Agreed. Welcome to MLS!


----------



## elruddick (Jun 19, 2009)

I know of no easily accessable photographs except for the Yahoo! Group ZoCal which requires registration. Here are a couple of lnks to videos of the layout. 
Lindley


----------



## elruddick (Jun 19, 2009)

Way to go dummy - ya' forgot the links! 
Try again! 

http://www.vimeo.com/5153528 

http://www.vimeo.com/5187877


----------



## John J (Dec 29, 2007)

I also was amazed at the fellowship amongst the different scales.

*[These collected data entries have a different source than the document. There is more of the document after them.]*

(* Let $L_0\subset\mathbb{P}^2$ be a line which is not exceptional for $f$ and is disjoint from $\mathcal{I}$, and let $p_0\in\mathbb{P}^2$ be a point not in $L_0\cup f(L_0)$. Then there is a surjective linear map $T_0:\mathbb{P}^2\setminus\{p_0\}\to L_0$ such that $(T_0\circ f)|_{L_0}:L_0\to L_0$ is a hyperbolic rational map of degree $d$ (identifying $L_0\cong\mathbb{P}^1$).
   Context: $f:\mathbb{P}^2\dashrightarrow\mathbb{P}^2$ is a dominant rational map of algebraic degree $d$ with indeterminacy set $\mathcal{I}$; for a curve $V$, $f(V):=\overline{f(V\setminus\mathcal{I})}$; an irreducible curve $V$ is exceptional if $f(V)$ is a point. A surjective linear map $T_0:\mathbb{P}^2\setminus\{p_0\}\to L_0$ is one induced by a rank-2 linear map of $\mathbb{C}^3$ with kernel $p_0$ and image $L_0$. A rational map of $\mathbb{P}^1$ is hyperbolic if all its critical points lie in basins of attracting periodic points. *)

theory Defs
  imports "HOL-Analysis.Analysis"
begin

text \<open>Points of P^2 are nonzero vectors
  of complex^3 up to nonzero scalars; subsets of P^2 are represented by the cones of
  their nonzero representatives.\<close>

definition hpoly3 :: "nat \<Rightarrow> (nat \<Rightarrow> nat \<Rightarrow> complex) \<Rightarrow> complex^3 \<Rightarrow> complex" where
  "hpoly3 d c v = (\<Sum>i\<le>d. \<Sum>j\<le>d - i. c i j * v$1 ^ i * v$2 ^ j * v$3 ^ (d - i - j))"

definition hpoly2 :: "nat \<Rightarrow> (nat \<Rightarrow> complex) \<Rightarrow> complex^2 \<Rightarrow> complex" where
  "hpoly2 d c v = (\<Sum>i\<le>d. c i * v$1 ^ i * v$2 ^ (d - i))"

definition Fv :: "nat \<Rightarrow> (3 \<Rightarrow> nat \<Rightarrow> nat \<Rightarrow> complex) \<Rightarrow> complex^3 \<Rightarrow> complex^3" where
  "Fv d Fc v = (\<chi> k. hpoly3 d (Fc k) v)"

definition rat_map_P2 :: "nat \<Rightarrow> (3 \<Rightarrow> nat \<Rightarrow> nat \<Rightarrow> complex) \<Rightarrow> bool" where
  "rat_map_P2 d Fc \<longleftrightarrow>
     (\<exists>v. Fv d Fc v \<noteq> 0) \<and>
     \<not> (\<exists>e G H. 1 \<le> e \<and> e \<le> d \<and> (\<exists>w. hpoly3 e G w \<noteq> 0) \<and>
          (\<forall>k v. hpoly3 d (Fc k) v = hpoly3 e G v * hpoly3 (d - e) (H k) v))"

definition indet :: "nat \<Rightarrow> (3 \<Rightarrow> nat \<Rightarrow> nat \<Rightarrow> complex) \<Rightarrow> (complex^3) set" where
  "indet d Fc = {v. v \<noteq> 0 \<and> Fv d Fc v = 0}"

definition zclosure :: "(complex^3) set \<Rightarrow> (complex^3) set" where
  "zclosure S = {w. w \<noteq> 0 \<and>
      (\<forall>e P. (\<forall>s\<in>S. hpoly3 e P s = 0) \<longrightarrow> hpoly3 e P w = 0)}"

definition fimage :: "nat \<Rightarrow> (3 \<Rightarrow> nat \<Rightarrow> nat \<Rightarrow> complex) \<Rightarrow> (complex^3) set \<Rightarrow> (complex^3) set" where
  "fimage d Fc V = zclosure {c *s Fv d Fc v | c v. c \<noteq> 0 \<and> v \<in> V \<and> v \<notin> indet d Fc}"

definition dominant :: "nat \<Rightarrow> (3 \<Rightarrow> nat \<Rightarrow> nat \<Rightarrow> complex) \<Rightarrow> bool" where
  "dominant d Fc \<longleftrightarrow> fimage d Fc (UNIV - {0}) = UNIV - {0}"

definition ppoint :: "complex^3 \<Rightarrow> (complex^3) set" where
  "ppoint p = {c *s p | c. c \<noteq> 0}"

definition exceptional :: "nat \<Rightarrow> (3 \<Rightarrow> nat \<Rightarrow> nat \<Rightarrow> complex) \<Rightarrow> (complex^3) set \<Rightarrow> bool" where
  "exceptional d Fc V \<longleftrightarrow> (\<exists>p. p \<noteq> 0 \<and> fimage d Fc V = ppoint p)"

definition lin3 :: "complex^3 \<Rightarrow> complex^3 \<Rightarrow> complex" where
  "lin3 a v = (\<Sum>i\<in>UNIV. a$i * v$i)"

definition pline :: "complex^3 \<Rightarrow> (complex^3) set" where
  "pline a = {v. v \<noteq> 0 \<and> lin3 a v = 0}"

text \<open>A rational map of P^1 is represented by a homogeneous lift G : C^2 \<rightarrow> C^2.\<close>

definition det2 :: "complex^2 \<Rightarrow> complex^2 \<Rightarrow> complex" where
  "det2 v w = v$1 * w$2 - v$2 * w$1"

definition pdist :: "complex^2 \<Rightarrow> complex^2 \<Rightarrow> real" where
  "pdist v w = cmod (det2 v w) / (norm v * norm w)"

definition rat_map_P1 :: "nat \<Rightarrow> (complex^2 \<Rightarrow> complex^2) \<Rightarrow> bool" where
  "rat_map_P1 d G \<longleftrightarrow> (\<exists>A B. \<forall>v. G v $ 1 = hpoly2 d A v \<and> G v $ 2 = hpoly2 d B v)
      \<and> (\<forall>v. v \<noteq> 0 \<longrightarrow> G v \<noteq> 0)"

definition dirderiv :: "(complex^2 \<Rightarrow> complex^2) \<Rightarrow> complex^2 \<Rightarrow> complex^2 \<Rightarrow> complex^2" where
  "dirderiv G p w = (\<chi> k. deriv (\<lambda>t. G (p + t *s w) $ k) 0)"

text \<open>[c] is a critical point: the differential of [G] at [c] vanishes, i.e. every
  directional derivative of G at c is parallel to G(c).\<close>
definition critical_pt :: "(complex^2 \<Rightarrow> complex^2) \<Rightarrow> complex^2 \<Rightarrow> bool" where
  "critical_pt G c \<longleftrightarrow> c \<noteq> 0 \<and> (\<forall>w. det2 (G c) (dirderiv G c w) = 0)"

text \<open>[q] is periodic with G^n(q) = \<lambda> q, n \<ge> 1, and attracting: the multiplier m of
  [G^n] at [q], determined by det2 q (D(G^n)_q w) = \<lambda> m det2 q w, has |m| < 1.\<close>
definition attracting_periodic :: "(complex^2 \<Rightarrow> complex^2) \<Rightarrow> complex^2 \<Rightarrow> nat \<Rightarrow> bool" where
  "attracting_periodic G q n \<longleftrightarrow> q \<noteq> 0 \<and> 1 \<le> n \<and>
     (\<exists>l. (G ^^ n) q = l *s q \<and>
        (\<forall>w. det2 q w \<noteq> 0 \<longrightarrow>
              cmod (det2 q (dirderiv (G ^^ n) q w)) < cmod (l * det2 q w)))"

definition in_attr_basin :: "(complex^2 \<Rightarrow> complex^2) \<Rightarrow> complex^2 \<Rightarrow> nat \<Rightarrow> complex^2 \<Rightarrow> bool" where
  "in_attr_basin G q n z \<longleftrightarrow> attracting_periodic G q n \<and>
     (\<lambda>k. pdist ((G ^^ (k * n)) z) q) \<longlonglongrightarrow> 0"

definition hyperbolic :: "(complex^2 \<Rightarrow> complex^2) \<Rightarrow> bool" where
  "hyperbolic G \<longleftrightarrow> (\<forall>c. critical_pt G c \<longrightarrow> (\<exists>q n. in_attr_basin G q n c))"

end

theory Submission
  imports Defs "HOL-Computational_Algebra.Fundamental_Theorem_Algebra"
begin
lemma steiner_tree_decomposition:
  assumes T: "tree N F" and L: "\<And>v. v \<in> V \<Longrightarrow> L v \<subseteq> N" "\<And>v. v \<in> V \<Longrightarrow> L v \<noteq> {}"
    and E: "\<And>e. e \<in> E \<Longrightarrow> e \<subseteq> V \<and> (\<exists>l. \<forall>v\<in>e. l \<in> L v)"
  shows "tree_decomposition V E N F (\<lambda>t. {v \<in> V. t \<in> steiner N F (L v)})"
  unfolding tree_decomposition_def
proof (intro conjI ballI)
  fix v assume v: "v \<in> V"
  then obtain l where l: "l \<in> L v" using L(2) by blast
  then have "l \<in> N" using L(1)[OF v] by blast
  then have "l \<in> steiner N F (L v)" by (rule steiner_mem[OF l])
  then show "\<exists>t\<in>N. v \<in> {v \<in> V. t \<in> steiner N F (L v)}" using v \<open>l \<in> N\<close> by blast
  have bags: "{t \<in> N. v \<in> {v \<in> V. t \<in> steiner N F (L v)}} = steiner N F (L v)"
    using v by (auto simp: steiner_def)
  have edges: "{f \<in> F. \<forall>t\<in>f. v \<in> {v \<in> V. t \<in> steiner N F (L v)}}
      = {f \<in> F. \<forall>t\<in>f. t \<in> steiner N F (L v)}"
    using v by auto
  show "connected_graph {t \<in> N. v \<in> {v \<in> V. t \<in> steiner N F (L v)}}
      {f \<in> F. \<forall>t\<in>f. v \<in> {v \<in> V. t \<in> steiner N F (L v)}}"
    unfolding bags edges by (rule steiner_connected[OF T L(1)[OF v]])
next
  fix e assume e: "e \<in> E"
  then obtain l where l: "\<forall>v\<in>e. l \<in> L v" and eV: "e \<subseteq> V" using E by blast
  obtain t where t: "t \<in> N" using T by (auto simp: tree_def)
  show "\<exists>t\<in>N. e \<subseteq> {v \<in> V. t \<in> steiner N F (L v)}"
  proof (cases "e = {}")
    case False
    then obtain u where "u \<in> e" by blast
    then have lN: "l \<in> N" using l eV L(1) by blast
    have "e \<subseteq> {v \<in> V. l \<in> steiner N F (L v)}" using l eV steiner_mem[OF _ lN] by blast
    then show ?thesis using lN by blast
  qed (use t in blast)
next
  fix t assume "t \<in> N"
  show "{v \<in> V. t \<in> steiner N F (L v)} \<subseteq> V" by blast
qed (rule T)

section \<open>Bag sizes of Steiner tree decompositions\<close>

definition straddling :: "'a set \<Rightarrow> ('a \<Rightarrow> 'b set) \<Rightarrow> 'b set \<Rightarrow> 'a set" where
  "straddling V L B = {v \<in> V. L v \<inter> B \<noteq> {} \<and> \<not> L v \<subseteq> B}"

lemma bag_subset:
  assumes T: "tree N F" and r: "r \<in> N" and L: "\<And>v. L v \<subseteq> leaves N F"
  shows "{v \<in> V. t \<in> steiner N F (L v)} \<subseteq> {v \<in> V. t \<in> L v}
    \<union> (if t = r then {} else straddling V L (leaves_below N F r t))
    \<union> (\<Union>c\<in>children N F r t. straddling V L (leaves_below N F r c))"
proof
  fix v assume "v \<in> {v \<in> V. t \<in> steiner N F (L v)}"
  then have v: "v \<in> V" "t \<in> steiner N F (L v)" by auto
  have "t = r \<Longrightarrow> L v \<subseteq> leaves_below N F r t" using L[of v] by (simp add: leaves_below_root)
  then show "v \<in> {v \<in> V. t \<in> L v} \<union> (if t = r then {} else straddling V L (leaves_below N F r t))
    \<union> (\<Union>c\<in>children N F r t. straddling V L (leaves_below N F r c))"
    using steiner_split[OF T r L v(2)] v(1) unfolding straddling_def by auto
qed

text \<open>If every cut is straddled by at most m vertices and every leaf is owned by at most
two vertices, then in a tree of maximum degree 3 every bag has at most 3m + 1 vertices:
an inner node meets at most three cuts, a leaf one cut and its two owners.\<close>
lemma bag_card:
  assumes T: "tree N F" and r: "r \<in> N" and t: "t \<in> N" and deg: "degree F t \<le> 3"
    and fin: "finite V" and L: "\<And>v. L v \<subseteq> leaves N F"
    and cut: "\<And>s. s \<in> N \<Longrightarrow> card (straddling V L (leaves_below N F r s)) \<le> m"
    and owners: "card {v \<in> V. t \<in> L v} \<le> 2" and m: "1 \<le> m"
  shows "card {v \<in> V. t \<in> steiner N F (L v)} \<le> 3 * m + 1"
proof -
  let ?own = "{v \<in> V. t \<in> L v}"
  let ?up = "if t = r then {} else straddling V L (leaves_below N F r t)"
  let ?down = "\<Union>c\<in>children N F r t. straddling V L (leaves_below N F r c)"
  have fch: "finite (children N F r t)" and chN: "children N F r t \<subseteq> N"
    using tree_finite[OF T] by (auto simp: children_def)
  have up: "card ?up \<le> (if t = r then 0 else 1) * m" using cut[OF t] by simp
  have "card ?down \<le> (\<Sum>c\<in>children N F r t. card (straddling V L (leaves_below N F r c)))"
    by (rule card_UN_le[OF fch])
  also have "\<dots> \<le> (\<Sum>c\<in>children N F r t. m)" using cut chN by (intro sum_mono) blast
  finally have down: "card ?down \<le> card (children N F r t) * m" by simp
  have "card ?up + card ?down \<le> ((if t = r then 0 else 1) + card (children N F r t)) * m"
    using up down by (simp only: add_mult_distrib)
  also have "\<dots> \<le> degree F t * m" using children_card[OF T r t] by (intro mult_le_mono1) simp
  finally have cuts: "card ?up + card ?down \<le> degree F t * m" .
  have "?own \<union> ?up \<union> ?down \<subseteq> V" by (auto simp: straddling_def)
  then have "finite (?own \<union> ?up \<union> ?down)" using fin by (rule finite_subset)
  then have "card {v \<in> V. t \<in> steiner N F (L v)} \<le> card (?own \<union> ?up \<union> ?down)"
    using bag_subset[OF T r L] by (rule card_mono)
  also have "\<dots> \<le> card ?own + card ?up + card ?down"
    using card_Un_le[of "?own \<union> ?up" ?down] card_Un_le[of ?own ?up] by linarith
  finally have bag: "card {v \<in> V. t \<in> steiner N F (L v)} \<le> card ?own + card ?up + card ?down" .
  show ?thesis
  proof (cases "t \<in> leaves N F")
    case True
    then have "degree F t * m \<le> m" by (simp add: leaves_def)
    then show ?thesis using bag cuts owners m by linarith
  next
    case False
    then have "card ?own = 0" using L by (metis (no_types, lifting) card.empty empty_Collect_eq subsetD)
    moreover have "degree F t * m \<le> 3 * m" using deg by simp
    ultimately show ?thesis using bag cuts by linarith
  qed
qed

section \<open>Existence of branch decompositions\<close>

lemma distinct_hd_last: "distinct xs \<Longrightarrow> 2 \<le> length xs \<Longrightarrow> hd xs \<noteq> last xs"
  by (cases xs rule: rev_cases) (auto simp: hd_append)

lemma cycle_two_nbrs:
  assumes w: "walk N F xs" and d: "distinct xs" and len: "3 \<le> length xs"
    and close: "{last xs, hd xs} \<in> F" and a: "a \<in> set xs"
  shows "\<exists>p q. p \<noteq> q \<and> {p, a} \<in> F \<and> {a, q} \<in> F"
proof -
  obtain ys zs where xs: "xs = ys @ a # zs" using a by (metis split_list)
  define p where "p = (if ys = [] then last xs else last ys)"
  define q where "q = (if zs = [] then hd xs else hd zs)"
  have "{p, a} \<in> F"
    using close xs walk_edge_mid[of N F ys "a # zs"] w by (cases "ys = []") (simp_all add: p_def)
  moreover have "{a, q} \<in> F"
    using close xs walk_edge_mid[of N F "ys @ [a]" zs] w
    by (cases "zs = []") (simp_all add: q_def insert_commute)
  moreover have "p \<noteq> q"
  proof (cases "ys = []"; cases "zs = []")
    assume "ys \<noteq> []" "zs \<noteq> []"
    then show ?thesis using d xs by (auto simp: p_def q_def dest: last_in_set hd_in_set)
  qed (use d len xs distinct_hd_last[of ys] distinct_hd_last[of zs] in \<open>auto simp: p_def q_def\<close>)
  ultimately show ?thesis by blast
qed

lemma pendant_connected:
  assumes T: "tree N F" and l: "l \<in> N"
  shows "connected_graph (insert a N) (insert {l, a} F)"
proof -
  let ?N = "insert a N" and ?F = "insert {l, a} F"
  have old: "\<exists>W. walk ?N ?F W \<and> hd W = x \<and> last W = y" if "x \<in> N" "y \<in> N" for x y
    using T that walk_mono[of N F _ ?N ?F] unfolding tree_def connected_graph_def by blast
  have from_a: "\<exists>W. walk ?N ?F W \<and> hd W = a \<and> last W = y" if "y \<in> ?N" for y
  proof (cases "y = a")
    case False
    then have "y \<in> N" using that by simp
    then obtain W where W: "walk ?N ?F W" "hd W = l" "last W = y" using old[OF l] by blast
    then have "walk ?N ?F (a # W)" using walk_nonempty[OF W(1)] by (simp add: walk_Cons insert_commute)
    then show ?thesis using W walk_nonempty[OF W(1)] by (intro exI[of _ "a # W"]) simp
  qed (intro exI[of _ "[a]"], simp)
  show ?thesis unfolding connected_graph_def
  proof (intro ballI)
    fix x y assume xy: "x \<in> ?N" "y \<in> ?N"
    show "\<exists>W. walk ?N ?F W \<and> hd W = x \<and> last W = y"
    proof (cases "x = a \<or> y = a")
      case True
      then show ?thesis
      proof
        assume "y = a"
        then obtain W where W: "walk ?N ?F W" "hd W = a" "last W = x" using from_a[OF xy(1)] by blast
        then show ?thesis using \<open>y = a\<close> walk_rev[OF W(1)] walk_nonempty[OF W(1)]
          by (intro exI[of _ "rev W"]) (simp add: hd_rev last_rev)
      qed (use from_a xy in blast)
    qed (use old xy in blast)
  qed
qed

text \<open>A cycle through the pendant vertex would need two neighbours of it; a cycle avoiding it
already lies in the old tree.\<close>
lemma pendant_acyclic:
  assumes T: "tree N F" and a: "a \<notin> N"
  shows "\<not> has_cycle (insert a N) (insert {l, a} F)"
proof
  let ?N = "insert a N" and ?F = "insert {l, a} F"
  assume "has_cycle ?N ?F"
  then obtain xs where xs: "walk ?N ?F xs" "distinct xs" "3 \<le> length xs" "{last xs, hd xs} \<in> ?F"
    unfolding has_cycle_def by blast
  have a_free: "a \<notin> e" if "e \<in> F" for e using tree_edge[OF T that] a by blast
  show False
  proof (cases "a \<in> set xs")
    case True
    then obtain p q where "p \<noteq> q" "{p, a} \<in> ?F" "{a, q} \<in> ?F" using cycle_two_nbrs[OF xs] by blast
    then show False using a_free by (auto simp: doubleton_eq_iff)
  next
    case False
    have in_F: "{x, y} \<in> F" if "{x, y} \<in> ?F" "x \<in> set xs" "y \<in> set xs" for x y
      using that False a_free by (auto simp: doubleton_eq_iff)
    have "walk N F xs" unfolding walk_def
    proof (intro conjI allI impI)
      show "xs \<noteq> []" "set xs \<subseteq> N" using xs(1) False walk_set walk_nonempty by blast+
      fix i assume "Suc i < length xs"
      then show "{xs ! i, xs ! Suc i} \<in> F" using xs(1) in_F[of "xs ! i" "xs ! Suc i"] unfolding walk_def by simp
    qed
    moreover have "{last xs, hd xs} \<in> F"
      using in_F[OF xs(4)] walk_nonempty[OF xs(1)] by simp
    ultimately show False using tree_acyclic[OF T] xs(2,3) unfolding has_cycle_def by blast
  qed
qed

lemma pendant_tree:
  assumes T: "tree N F" and l: "l \<in> N" and a: "a \<notin> N"
  shows "tree (insert a N) (insert {l, a} F)"
proof -
  have "graph (insert a N) (insert {l, a} F)"
    using T l a unfolding tree_def graph_def by blast
  then show ?thesis
    using pendant_connected[OF T l] pendant_acyclic[OF T a] unfolding tree_def by blast
qed

lemma degree_insert_edge:
  assumes "finite F" "e \<notin> F"
  shows "degree (insert e F) t = degree F t + (if t \<in> e then 1 else 0)"
proof -
  have "{x \<in> insert e F. t \<in> x} = (if t \<in> e then insert e {x \<in> F. t \<in> x} else {x \<in> F. t \<in> x})"
    by auto
  then show ?thesis using assms by (simp add: degree_def)
qed

lemma degree_outside:
  assumes "tree N F" "t \<notin> N" shows "degree F t = 0"
proof -
  have "{e \<in> F. t \<in> e} = {}" using tree_edge[OF assms(1)] assms(2) by blast
  then show ?thesis unfolding degree_def by (metis card.empty)
qed

lemma split_leaf:
  assumes T: "tree N F" and deg: "\<forall>t\<in>N. degree F t \<le> 3" and l: "l \<in> leaves N F"
    and ab: "a \<notin> N" "b \<notin> N" "a \<noteq> b"
  defines "N' \<equiv> insert b (insert a N)" and "F' \<equiv> insert {l, b} (insert {l, a} F)"
  shows "tree N' F'" "\<forall>t\<in>N'. degree F' t \<le> 3"
    "leaves N' F' = insert a (insert b (leaves N F - {l}))"
proof -
  have lN: "l \<in> N" and dl: "degree F l \<le> 1" using l by (auto simp: leaves_def)
  have T1: "tree (insert a N) (insert {l, a} F)" using pendant_tree[OF T lN ab(1)] .
  show "tree N' F'" unfolding N'_def F'_def using pendant_tree[OF T1] lN ab by simp
  have new_edge: "{l, x} \<notin> F" if "x \<notin> N" for x using tree_edge[OF T] that lN by (fastforce simp: doubleton_eq_iff)
  have fF: "finite F" using tree_finite_edges[OF T] .
  have "{l, b} \<notin> insert {l, a} F" using new_edge[OF ab(2)] ab(3) by (auto simp: doubleton_eq_iff)
  then have deg': "degree F' t = degree F t + (if t \<in> {l, a} then 1 else 0) + (if t \<in> {l, b} then 1 else 0)" for t
    unfolding F'_def using degree_insert_edge[OF finite_insert[THEN iffD2, OF fF]]
      degree_insert_edge[OF fF new_edge[OF ab(1)]] by simp
  have d0: "degree F a = 0" "degree F b = 0" using degree_outside[OF T] ab by auto
  have abl: "a \<noteq> l" "b \<noteq> l" using ab lN by auto
  show "\<forall>t\<in>N'. degree F' t \<le> 3"
    using deg' deg dl d0 abl unfolding N'_def by (auto split: if_splits)
  show "leaves N' F' = insert a (insert b (leaves N F - {l}))"
    using deg' dl d0 abl ab lN unfolding N'_def leaves_def by (auto split: if_splits)
qed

I borrowed a digital volt meter from one of the layouts to check out a power pack for Dan Hoag of Eagle Wings. 

I knew it would be a great show.....after all Train people are train people. 

Do come and visit MLS often. Youmay see something you like and all you have to do is make it smaller.









I saw some Ideas on you layout and took pictures. 

It was a great show


----------



## elruddick (Jun 19, 2009)

To John J.
Based on your reputation and now that you have admitted to being close to the ZoCal layout st the BTS, I fully understand why we had some "rear enders" for no apparent reason. Your karma extends to all scales.







LOL!!!
Lindley


----------



## Dwight Ennis (Jan 2, 2008)

Yep! That's our JJ.


----------



## Stan Cedarleaf (Jan 2, 2008)

JJ strikes again....    

I did peruse the layout but kept my hands in my pocket and didn't get near a controller...

Yes, the Z scale layout was fabulous. Great layout, guys.... Great layout.


----------